Yeah ok so it is the custom_objects_api.create_namespaced_custom_object call that fails, which is equivalent to the kubectl create -f daskcluster.yaml call.

Would you mind sharing your kubeconfig file (removing any certs/tokens/passwords) so I can see if it uses some kind of AKS/AAD plugin? My guess is we need to add support for this in dask-kubernetes.

I believe the plugin you’re looking for is Kubelogin (GitHub - Azure/kubelogin: A Kubernetes credential (exec) plugin implementing azure authentication). For security reasons, I do not want to share my full kubeconfig file (even with the secret values omitted).

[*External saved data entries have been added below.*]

(* Let $\alpha>-1$, let $\{\lambda_n\}_{n=0}^\infty$ be a sequence of real numbers, and let $T:\mathbb{R}[x]\to\mathbb{R}[x]$ be the linear operator defined by $T(L_n^{(\alpha)}(x))=\lambda_nL_n^{(\alpha)}(x)$ for all $n\in\mathbb{N}$. Then the symbol of $T$ is $$G_T(x,y)=e^{-xy}\sum_{n=0}^{\infty}a_n y^n L_n^{(\alpha)}(xy+x),\qquad a_n=\sum_{k=0}^{n}(-1)^{n-k}\binom{n}{k}\lambda_k,$$ as an identity of formal power series in $y$ with polynomial coefficients in $x$.
   Context: For $\alpha>-1$, $L_n^{(\alpha)}(x)=\sum_{k=0}^{n}\binom{n+\alpha}{n-k}\frac{(-x)^k}{k!}$, where $\binom{m+\alpha}{j}=\frac{(m+\alpha)\cdots(m+\alpha-j+1)}{j!}$. The symbol of a linear operator $T:\mathbb{R}[x]\to\mathbb{R}[x]$ is the formal power series $G_T(x,y)=\sum_{n=0}^\infty \frac{(-1)^nT(x^n)}{n!}y^n$ (formally, $G_T=T(e^{-xy})$ with $T$ acting in $x$). *)

theory Defs
  imports "HOL-Computational_Algebra.Computational_Algebra"
begin

definition laguerre :: "nat \<Rightarrow> real \<Rightarrow> real poly" where
  "laguerre n \<alpha> = (\<Sum>k\<le>n. smult (((real n + \<alpha>) gchoose (n - k)) * (-1) ^ k / fact k) (monom 1 k))"

text \<open>Symbol of a linear operator T on R[x]:
  G_T(x,y) = sum_n (-1)^n T(x^n) / n! y^n, a power series in y over R[x].\<close>
definition symbol :: "(real poly \<Rightarrow> real poly) \<Rightarrow> real poly fps" where
  "symbol T = Abs_fps (\<lambda>n. smult ((-1) ^ n / fact n) (T (monom 1 n)))"

text \<open>e^{-xy} as a power series in y over R[x]: coefficient of y^j is (-x)^j / j!.\<close>
definition exp_mxy :: "real poly fps" where
  "exp_mxy = Abs_fps (\<lambda>j. smult ((-1) ^ j / fact j) (monom 1 j))"

text \<open>Formal sum of a family of power series f n with subdegree (f n) >= n
  (the coefficient of y^m only receives contributions from n <= m).\<close>
definition fps_order_sum :: "(nat \<Rightarrow> 'a::comm_monoid_add fps) \<Rightarrow> 'a fps" where
  "fps_order_sum f = Abs_fps (\<lambda>m. \<Sum>n\<le>m. fps_nth (f n) m)"

text \<open>For p in R[x], p(xy + x) as a polynomial in y with coefficients in R[x].\<close>
definition subst_xy_x :: "real poly \<Rightarrow> real poly poly" where
  "subst_xy_x p = pcompose (map_poly (\<lambda>c. [:c:]) p) [: [:0, 1:], [:0, 1:] :]"

end

theory Submission
  imports Defs
begin

(* Let T act on the Laguerre basis by T L_k = lam_k L_k and put
   a_n = sum_k (-1)^(n-k) (n choose k) lam_k, so that by binomial inversion
   lam_k = sum_n (k choose n) a_n.  Both sides of the claimed identity are then
   linear combinations, with coefficients a_n, of the symbols of the
   "basis multipliers" L_k |-> (k choose n) L_k, and it suffices to prove the
   theorem for these, i.e. to show that the coefficient of y^m of
   e^(-xy) y^n L_n(xy + x) equals (-1)^m/m! times the image of x^m.

   All identities hold for every real alpha. *)

definition lag_coeff :: "real \<Rightarrow> nat \<Rightarrow> nat \<Rightarrow> real" where
  "lag_coeff \<alpha> n i = ((real n + \<alpha>) gchoose (n - i)) * (-1) ^ i / fact i"

lemma coeff_laguerre: "coeff (laguerre n \<alpha>) i = (if i \<le> n then lag_coeff \<alpha> n i else 0)"
proof -
  have "coeff (laguerre n \<alpha>) i = (\<Sum>k\<le>n. if k = i then lag_coeff \<alpha> n k else 0)"
    unfolding laguerre_def lag_coeff_def coeff_sum coeff_smult coeff_monom by (rule sum.cong) auto
  then show ?thesis by simp
qed

section \<open>Binomial identities\<close>

lemma sum_atMost_from:
  fixes g :: "nat \<Rightarrow> 'a::comm_monoid_add"
  assumes "p \<le> m"
  shows "(\<Sum>k\<le>m. if p \<le> k then g k else 0) = (\<Sum>j\<le>m - p. g (p + j))"
proof -
  have "(\<Sum>k\<le>m. if p \<le> k then g k else 0) = (\<Sum>k\<in>{p..m}. if p \<le> k then g k else 0)"
    by (rule sum.mono_neutral_right) auto
  also have "\<dots> = (\<Sum>k\<in>{p..m}. g k)" by (intro sum.cong) auto
  also have "\<dots> = (\<Sum>j\<in>{0..m - p}. g (j + p))"
    using assms sum.shift_bounds_cl_nat_ivl[of g 0 p "m - p"] by simp
  finally show ?thesis by (simp add: atLeast0AtMost add.commute)
qed

lemma alternating_binomial_sum:
  "(\<Sum>j\<le>q. (-1) ^ j * real (q choose j)) = (if q = 0 then 1 else 0)"
  using choose_alternating_sum[of q, where 'a=real] by auto

text \<open>Pascal's rule turns an alternating binomial sum of order \<open>q+1\<close> into one
  of order \<open>q\<close> applied to the forward difference of the summand.\<close>
lemma alternating_sum_Suc:
  fixes f :: "nat \<Rightarrow> real"
  shows "(\<Sum>j\<le>Suc q. (-1) ^ j * real (Suc q choose j) * f j) =
         (\<Sum>j\<le>q. (-1) ^ j * real (q choose j) * (f j - f (Suc j)))"
proof -
  have shifted: "(\<Sum>j\<le>q. (-1) ^ j * real (q choose j) * f j) =
        f 0 - (\<Sum>j\<le>q. (-1) ^ j * real (q choose Suc j) * f (Suc j))"
  proof -
    have "(\<Sum>j\<le>q. (-1) ^ j * real (q choose j) * f j) =
          (\<Sum>j\<le>Suc q. (-1) ^ j * real (q choose j) * f j)"
      by simp
    also have "\<dots> = f 0 + (\<Sum>j\<le>q. (-1) ^ Suc j * real (q choose Suc j) * f (Suc j))"
      by (subst sum.atMost_Suc_shift) simp
    finally show ?thesis by (simp add: sum_negf[symmetric])
  qed
  have "(\<Sum>j\<le>Suc q. (-1) ^ j * real (Suc q choose j) * f j) =
        f 0 + (\<Sum>j\<le>q. (-1) ^ Suc j * real (Suc q choose Suc j) * f (Suc j))"
    by (subst sum.atMost_Suc_shift) simp
  also have "\<dots> = f 0 - (\<Sum>j\<le>q. (-1) ^ j * real (q choose j) * f (Suc j))
                      - (\<Sum>j\<le>q. (-1) ^ j * real (q choose Suc j) * f (Suc j))"
    by (simp add: sum_negf[symmetric] sum_subtractf[symmetric] algebra_simps
        sum.distrib[symmetric])
  also have "\<dots> = (\<Sum>j\<le>q. (-1) ^ j * real (q choose j) * (f j - f (Suc j)))"
    using shifted by (simp add: algebra_simps sum_subtractf)
  finally show ?thesis .
qed

lemma alternating_binomial_shift:
  "(\<Sum>j\<le>q. (-1) ^ j * real (q choose j) * real ((p + j) choose n)) =
   (if q \<le> n then (-1) ^ q * real (p choose (n - q)) else 0)"
proof (induction q arbitrary: n)
  case 0
  then show ?case by simp
next
  case (Suc q)
  show ?case
  proof (cases n)
    case 0
    then show ?thesis by (subst alternating_sum_Suc) simp
  next
    case (Suc n')
    have "(\<Sum>j\<le>Suc q. (-1) ^ j * real (Suc q choose j) * real ((p + j) choose n)) =
          - (\<Sum>j\<le>q. (-1) ^ j * real (q choose j) * real ((p + j) choose n'))"
      by (subst alternating_sum_Suc) (simp add: Suc sum_negf[symmetric] algebra_simps)
    then show ?thesis
      using Suc.IH[of n'] by (simp add: Suc)
  qed
qed

lemma alternating_choose_mult:
  assumes "i \<le> k"
  shows "(\<Sum>n\<le>k. (-1) ^ (n - i) * real (k choose n) * real (n choose i)) =
         (if k = i then 1 else 0)"
proof -
  have "(\<Sum>n\<le>k. (-1) ^ (n - i) * real (k choose n) * real (n choose i)) =
        (\<Sum>n\<in>{i..k}. (-1) ^ (n - i) * real (k choose n) * real (n choose i))"
    by (rule sum.mono_neutral_right) auto
  also have "\<dots> = (\<Sum>j\<in>{0..k - i}. (-1) ^ j * real (k choose (j + i)) * real ((j + i) choose i))"
    using assms sum.shift_bounds_cl_nat_ivl[of
        "\<lambda>n. (-1) ^ (n - i) * real (k choose n) * real (n choose i)" 0 i "k - i"]
    by simp
  also have "\<dots> = (\<Sum>j\<in>{0..k - i}. real (k choose i) * ((-1) ^ j * real ((k - i) choose j)))"
  proof (intro sum.cong refl)
    fix j assume "j \<in> {0..k - i}"
    then have "(k choose (j + i)) * ((j + i) choose i) = (k choose i) * ((k - i) choose j)"
      using choose_mult[of i "j + i" k] assms by auto
    then show "(-1) ^ j * real (k choose (j + i)) * real ((j + i) choose i) =
               real (k choose i) * ((-1) ^ j * real ((k - i) choose j))"
      by (metis (mono_tags, lifting) mult.assoc mult.left_commute of_nat_mult)
  qed
  also have "\<dots> = real (k choose i) * (if k - i = 0 then 1 else 0)"
    by (simp add: sum_distrib_left[symmetric] alternating_binomial_sum atLeast0AtMost)
  finally show ?thesis using assms by auto
qed

lemma binomial_inversion:
  fixes lam :: "nat \<Rightarrow> real"
  shows "(\<Sum>n\<le>k. real (k choose n) * (\<Sum>i\<le>n. (-1) ^ (n - i) * real (n choose i) * lam i)) = lam k"
proof -
  have "(\<Sum>n\<le>k. real (k choose n) * (\<Sum>i\<le>n. (-1) ^ (n - i) * real (n choose i) * lam i)) =
        (\<Sum>n\<le>k. \<Sum>i\<le>k. (-1) ^ (n - i) * real (k choose n) * real (n choose i) * lam i)"
  proof (intro sum.cong refl)
    fix n assume "n \<in> {..k}"
    then have "(\<Sum>i\<le>n. (-1) ^ (n - i) * real (n choose i) * lam i) =
               (\<Sum>i\<le>k. (-1) ^ (n - i) * real (n choose i) * lam i)"
      by (intro sum.mono_neutral_left) auto
    then show "real (k choose n) * (\<Sum>i\<le>n. (-1) ^ (n - i) * real (n choose i) * lam i) =
        (\<Sum>i\<le>k. (-1) ^ (n - i) * real (k choose n) * real (n choose i) * lam i)"
      by (simp add: sum_distrib_left algebra_simps)
  qed
  also have "\<dots> = (\<Sum>i\<le>k. (\<Sum>n\<le>k. (-1) ^ (n - i) * real (k choose n) * real (n choose i)) * lam i)"
    by (subst sum.swap) (simp add: sum_distrib_right)
  also have "\<dots> = (\<Sum>i\<le>k. if i = k then lam i else 0)"
    by (intro sum.cong refl) (auto simp: alternating_choose_mult)
  finally show ?thesis by simp
qed

lemma gbinomial_laguerre_revision:
  assumes "p \<le> k" "k \<le> m"
  shows "((real m + \<alpha>) gchoose (m - k)) * ((real k + \<alpha>) gchoose (k - p)) =
         ((real m + \<alpha>) gchoose (m - p)) * real ((m - p) choose (m - k))"
proof -
  have "m - k \<le> m - p" using assms by simp
  note revision = gbinomial_trinomial_revision[OF this, of "real m + \<alpha>"]
  have "real m + \<alpha> - of_nat (m - k) = real k + \<alpha>" "m - p - (m - k) = k - p"
    using assms by simp_all
  moreover have "(of_nat (m - p) gchoose (m - k)) = real ((m - p) choose (m - k))"
    by (simp add: binomial_gbinomial)
  ultimately show ?thesis
    using revision by (simp only: mult.commute)
qed

lemma gchoose_times_lag_coeff:
  assumes "p + j \<le> m"
  shows "((real m + \<alpha>) gchoose (m - (p + j))) * lag_coeff \<alpha> (p + j) p =
         (-1) ^ p / fact p * ((real m + \<alpha>) gchoose (m - p)) * real ((m - p) choose j)"
proof -
  have revision: "((real m + \<alpha>) gchoose (m - (p + j))) * ((real (p + j) + \<alpha>) gchoose (p + j - p)) =
      ((real m + \<alpha>) gchoose (m - p)) * real ((m - p) choose (m - (p + j)))"
    using assms by (intro gbinomial_laguerre_revision) auto
  have "(m - p) choose (m - (p + j)) = (m - p) choose j"
    using assms by (metis binomial_symmetric diff_diff_left diff_le_mono le_add2 add_diff_cancel_left')
  with revision show ?thesis
    by (simp add: lag_coeff_def)
qed

lemma binomial_over_facts:
  assumes "d + s \<le> p"
  shows "real ((d + s) choose s) / (fact (p - (d + s)) * fact (d + s)) =
         real (p choose d) * real ((p - d) choose s) / fact p"
proof -
  let ?t = "d + s"
  have facts: "fact ?t * fact (p - ?t) * real (p choose ?t) = (fact p :: real)"
    using binomial_fact_lemma[of ?t p] assms by (metis of_nat_fact of_nat_mult)
  have mult: "real (p choose ?t) * real (?t choose d) = real (p choose d) * real ((p - d) choose s)"
    using choose_mult[of d ?t p] assms by (metis add_diff_cancel_left' le_add1 of_nat_mult)
  have symm: "?t choose s = ?t choose d"
    by (metis add_diff_cancel_right' binomial_symmetric le_add2)
  have "real (p choose ?t) \<noteq> 0" using assms by simp
  then have "real (?t choose s) / (fact (p - ?t) * fact ?t) =
        real (p choose ?t) * real (?t choose d) / (fact ?t * fact (p - ?t) * real (p choose ?t))"
    using symm by (simp add: field_simps)
  then show ?thesis by (simp only: mult facts)
qed

lemma neg_one_power_square: "(-1::real) ^ p * (-1) ^ p = 1"
  by (metis power_add mult_2 power_minus1_even)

I think this is the relevant section though:

users:
- name: clusterUser_resourceGroup_aksClusterName
  user:
    exec:
      apiVersion: client.authentication.k8s.io/v1beta1
      args:
      - get-token
      - --environment
      - AzurePublicCloud
      - --server-id
      - <server id>
      - --client-id
      - <client id>
      - --tenant-id
      - <tenant id>
      - --login
      - devicecode
      command: kubelogin
      env: null
      interactiveMode: IfAvailable
      provideClusterInfo: false

That’s perfect thanks, that’s enough to point me in the right direction.

The think the answer today is that I’m not sure that any of the Kubernetes Python libraries available have support for exec authentication methods. So we can’t support AKS/AAD today.

I’ve opened Support kubectl auth plugins for Python API · Issue #678 · dask/dask-kubernetes · GitHub where we will investigate adding support in the future.